Young Star Clusters and Associations
(Barentsen, Drew, Lucas, Riaz, Thompson, Wright)
The great majority of stars are born in star clusters. At the same time a high proportion of clusters do not survive beyond the embedded phase, in which the enshrouding dust acts to significantly dim the appearance of clusters at visible wavelengths. The study of young star clusters is therefore a natural topic to pursue at red, near-infrared and longer wavelengths - and it is important precisely because they are the sites within which stars were recently formed and may continue to form (through a range of dynamic processes).
At Hertfordshire we occupy the leading role in a range of Galactic Plane photometric surveys, and have involvement with the the Gaia-ESO survey - a VLT/FLAMES spectroscopy survey that subsumes a major programme focusing on the analysis of star clusters, ahead of the precise distance measurements that the Gaia mission will provide.
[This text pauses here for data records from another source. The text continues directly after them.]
lemma cmat_diagonal_unitary_completion:
  assumes "cmat_hermitian M" and eig: "M *v u = l *s u"
  shows "cmat_diagonal (cmat_adj (unitary_completion u) ** M ** unitary_completion u)"
proof -
  let ?U = "unitary_completion u"
  have h: "cnj (M$1$1) = M$1$1" "cnj (M$2$2) = M$2$2" "M$2$1 = cnj (M$1$2)"
    using cmat_hermitian_nth[OF assms(1)] by (metis complex_cnj_cnj)+
  have e1: "M$1$1 * u$1 + M$1$2 * u$2 = l * u$1" and e2: "M$2$1 * u$1 + M$2$2 * u$2 = l * u$2"
    using eig by (simp_all add: vec_eq_iff forall_2 matrix_vector_mult_def sum_2)
  have e1': "M$1$1 * cnj (u$1) + cnj (M$1$2) * cnj (u$2) = cnj l * cnj (u$1)"
    using arg_cong[OF e1, of cnj] h by simp
  have e2': "M$1$2 * cnj (u$1) + M$2$2 * cnj (u$2) = cnj l * cnj (u$2)"
    using arg_cong[OF e2, of cnj] h by simp
  have "(cmat_adj ?U ** M ** ?U) $ 1 $ 2 =
      cnj (u$1) * (M$1$2 * cnj (u$1) + M$2$2 * cnj (u$2)) - cnj (u$2) * (M$1$1 * cnj (u$1) + cnj (M$1$2) * cnj (u$2))"
    by (simp add: matrix_matrix_mult_def sum_2 cmat_adj_def unitary_completion_nth h(3) algebra_simps)
  also have "\<dots> = 0" by (simp only: e1' e2') (simp add: algebra_simps)
  finally have A: "(cmat_adj ?U ** M ** ?U) $ 1 $ 2 = 0" .
  have "(cmat_adj ?U ** M ** ?U) $ 2 $ 1 =
      - u$2 * (M$1$1 * u$1 + M$1$2 * u$2) + u$1 * (M$2$1 * u$1 + M$2$2 * u$2)"
    by (simp add: matrix_matrix_mult_def sum_2 cmat_adj_def unitary_completion_nth algebra_simps)
  also have "\<dots> = 0" by (simp only: e1 e2) (simp add: algebra_simps)
  finally have B: "(cmat_adj ?U ** M ** ?U) $ 2 $ 1 = 0" .
  show ?thesis
    unfolding cmat_diagonal_def using A B by (auto simp: forall_2)
qed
Our photometric surveys provide the wide-field data critical to unbiased searches and analyses of star clusters aimed at understanding how they evolve and nurture continuing star formation. We are conducting searches for clusters via the UKIDSS/GPS survey, and use IPHAS and VPHAS+, along with data from other wavelengths, for whole-cluster studies of e.g. Cyg OB2 and IC1396 (figure below).
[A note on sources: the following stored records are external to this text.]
(* Suppose that $(L_1,<_1),\ldots,(L_n,<_n)$ are linear orders each with at least two elements, and let $<$ be the product order on $L_1\times\cdots\times L_n$. If $\prec_1,\ldots,\prec_n$ are linear orders on $L_1\times\cdots\times L_n$ which realize $<$ (i.e. $<\;=\;\prec_1\cap\cdots\cap\prec_n$), then there is a permutation $\sigma\in S_n$ such that for all $i\leq n$ and all $\mathbf{a},\mathbf{b}\in L_1\times\cdots\times L_n$, $a_i<_ib_i$ implies $\mathbf{a}\prec_{\sigma(i)}\mathbf{b}$.
   Context: The product order: $\mathbf{a}<\mathbf{b}$ iff $a_i\leq_i b_i$ for all $i$ and $\mathbf{a}\neq\mathbf{b}$. $S_n$ is the group of permutations of $\{1,\ldots,n\}$. *)

theory Defs
  imports "HOL-Combinatorics.Permutations" "HOL-Library.FuncSet"
begin

definition strict_linear_on :: "'a set \<Rightarrow> ('a \<Rightarrow> 'a \<Rightarrow> bool) \<Rightarrow> bool" where
  "strict_linear_on A r \<longleftrightarrow>
     (\<forall>x\<in>A. \<not> r x x) \<and>
     (\<forall>x\<in>A. \<forall>y\<in>A. \<forall>z\<in>A. r x y \<longrightarrow> r y z \<longrightarrow> r x z) \<and>
     (\<forall>x\<in>A. \<forall>y\<in>A. x \<noteq> y \<longrightarrow> r x y \<or> r y x)"

text \<open>Product L_0 x ... x L_(n-1), tuples as extensional functions on {0..<n}.\<close>
definition prod_carrier :: "nat \<Rightarrow> (nat \<Rightarrow> 'a set) \<Rightarrow> (nat \<Rightarrow> 'a) set" where
  "prod_carrier n L = PiE {0..<n} L"

definition prod_less :: "nat \<Rightarrow> (nat \<Rightarrow> 'a \<Rightarrow> 'a \<Rightarrow> bool) \<Rightarrow> (nat \<Rightarrow> 'a) \<Rightarrow> (nat \<Rightarrow> 'a) \<Rightarrow> bool" where
  "prod_less n lt a b \<longleftrightarrow> (\<forall>i<n. lt i (a i) (b i) \<or> a i = b i) \<and> a \<noteq> b"

end

theory Submission
  imports Defs
begin

(*
  Fix c, d with c_k < d_k in every coordinate, and compare B_k = d(k := c_k) with
  A_k = c(k := d_k). Since A_k is not below B_k in the product order, some \<prec>_j puts
  B_k below A_k, i.e. follows coordinate k on this pair. No \<prec>_j follows two coordinates
  k \<noteq> k': from A_k \<le> B_k' and A_k' \<le> B_k we would get the cycle
  B_k \<prec>_j A_k \<preceq>_j B_k' \<prec>_j A_k' \<preceq>_j B_k. By pigeonhole, "\<prec>_j follows k" is the graph
  of a permutation \<sigma> of the coordinates.

  Widening the pair (lowering c, raising d) does not change \<sigma>: at a coordinate k
  where c and d are unchanged, B_k can only go up and A_k only down, so \<prec>_(\<sigma> k) still
  follows k; if only one coordinate is widened, \<sigma> agrees there as well, being a
  bijection. Any two pairs have a common widening, so \<sigma> does not depend on (c, d).
  Finally, given a_i < b_i, take the pair with c_i = a_i, d_i = b_i and the other
  coordinates widened until a \<le> B_i and A_i \<le> b; with j = \<sigma> i this gives
  a \<preceq>_j B_i \<prec>_j A_i \<preceq>_j b.
*)

lemma permutes_eq_at_if_eq_off:
  assumes f: "f permutes S" and g: "g permutes S"
    and eq: "\<And>k. k \<in> S \<Longrightarrow> k \<noteq> m \<Longrightarrow> f k = g k"
  shows "f m = g m"
proof (cases "m \<in> S")
  case True
  then obtain k where "k \<in> S" "g k = f m"
    using permutes_image[OF g] permutes_in_image[OF f] by (metis imageE)
  then show ?thesis
    using eq permutes_inj[OF f] by (metis injD)
qed (simp add: permutes_not_in[OF f] permutes_not_in[OF g])

lemma permutes_if_left_total_right_unique:
  assumes "finite S"
    and total: "\<And>k. k \<in> S \<Longrightarrow> \<exists>j\<in>S. R k j"
    and unique: "\<And>k k' j. k \<in> S \<Longrightarrow> k' \<in> S \<Longrightarrow> j \<in> S \<Longrightarrow> R k j \<Longrightarrow> R k' j \<Longrightarrow> k = k'"
  shows "\<exists>f. f permutes S \<and> (\<forall>k\<in>S. \<forall>j\<in>S. R k j \<longleftrightarrow> f k = j)"
proof -
  define f where "f k = (if k \<in> S then SOME j. j \<in> S \<and> R k j else k)" for k
  have f: "f k \<in> S" "R k (f k)" if "k \<in> S" for k
    using someI_ex[OF total[OF that, unfolded Bex_def]] that by (simp_all add: f_def)
  have inj: "inj_on f S"
  proof (rule inj_onI)
    fix k k' assume "k \<in> S" "k' \<in> S" "f k = f k'"
    then show "k = k'"
      using unique[OF \<open>k \<in> S\<close> \<open>k' \<in> S\<close> f(1)[OF \<open>k \<in> S\<close>]] f(2) by metis
  qed
  have "f ` S \<subseteq> S"
    using f(1) by blast
  then have img: "f ` S = S"
    by (rule endo_inj_surj[OF \<open>finite S\<close> _ inj])
  have perm: "f permutes S"
  proof (rule bij_imp_permutes)
    show "bij_betw f S S"
      using inj img by (simp add: bij_betw_def)
    show "f k = k" if "k \<notin> S" for k
      using that by (simp add: f_def)
  qed
  show ?thesis
  proof (intro exI conjI ballI)
    show "f permutes S"
      by (rule perm)
    fix k j assume "k \<in> S" "j \<in> S"
    show "R k j \<longleftrightarrow> f k = j"
    proof
      assume "R k j"
      obtain k' where "k' \<in> S" "f k' = j"
        using \<open>j \<in> S\<close> img by (metis imageE)
      then show "f k = j"
        using unique[OF \<open>k' \<in> S\<close> \<open>k \<in> S\<close> \<open>j \<in> S\<close>] f(2) \<open>R k j\<close> by metis
    next
      assume "f k = j"
      then show "R k j"
        using f(2)[OF \<open>k \<in> S\<close>] by simp
    qed
  qed
qed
IC 1396, a young star cluster still experiencing star formation, located in the northern Galactic Plane (Barentsen et al 2011, MNRAS, 415, 103). H-alpha narrowband and Sloan r, i data from the IPHAS survey are merged in this image spanning a sky region of roughly 3 x 3 square degrees.
We are studying the evolution of star formation across molecular cloud complexes as traced by clusters and other indicators such as methanol masers. With VVV, IPHAS, VPHAS, UKIDSS/GPS and Spitzer/GLIMPSE360 we are also tracing the more dispersed pre-main sequence population via variability, Halpha emission and infrared excess.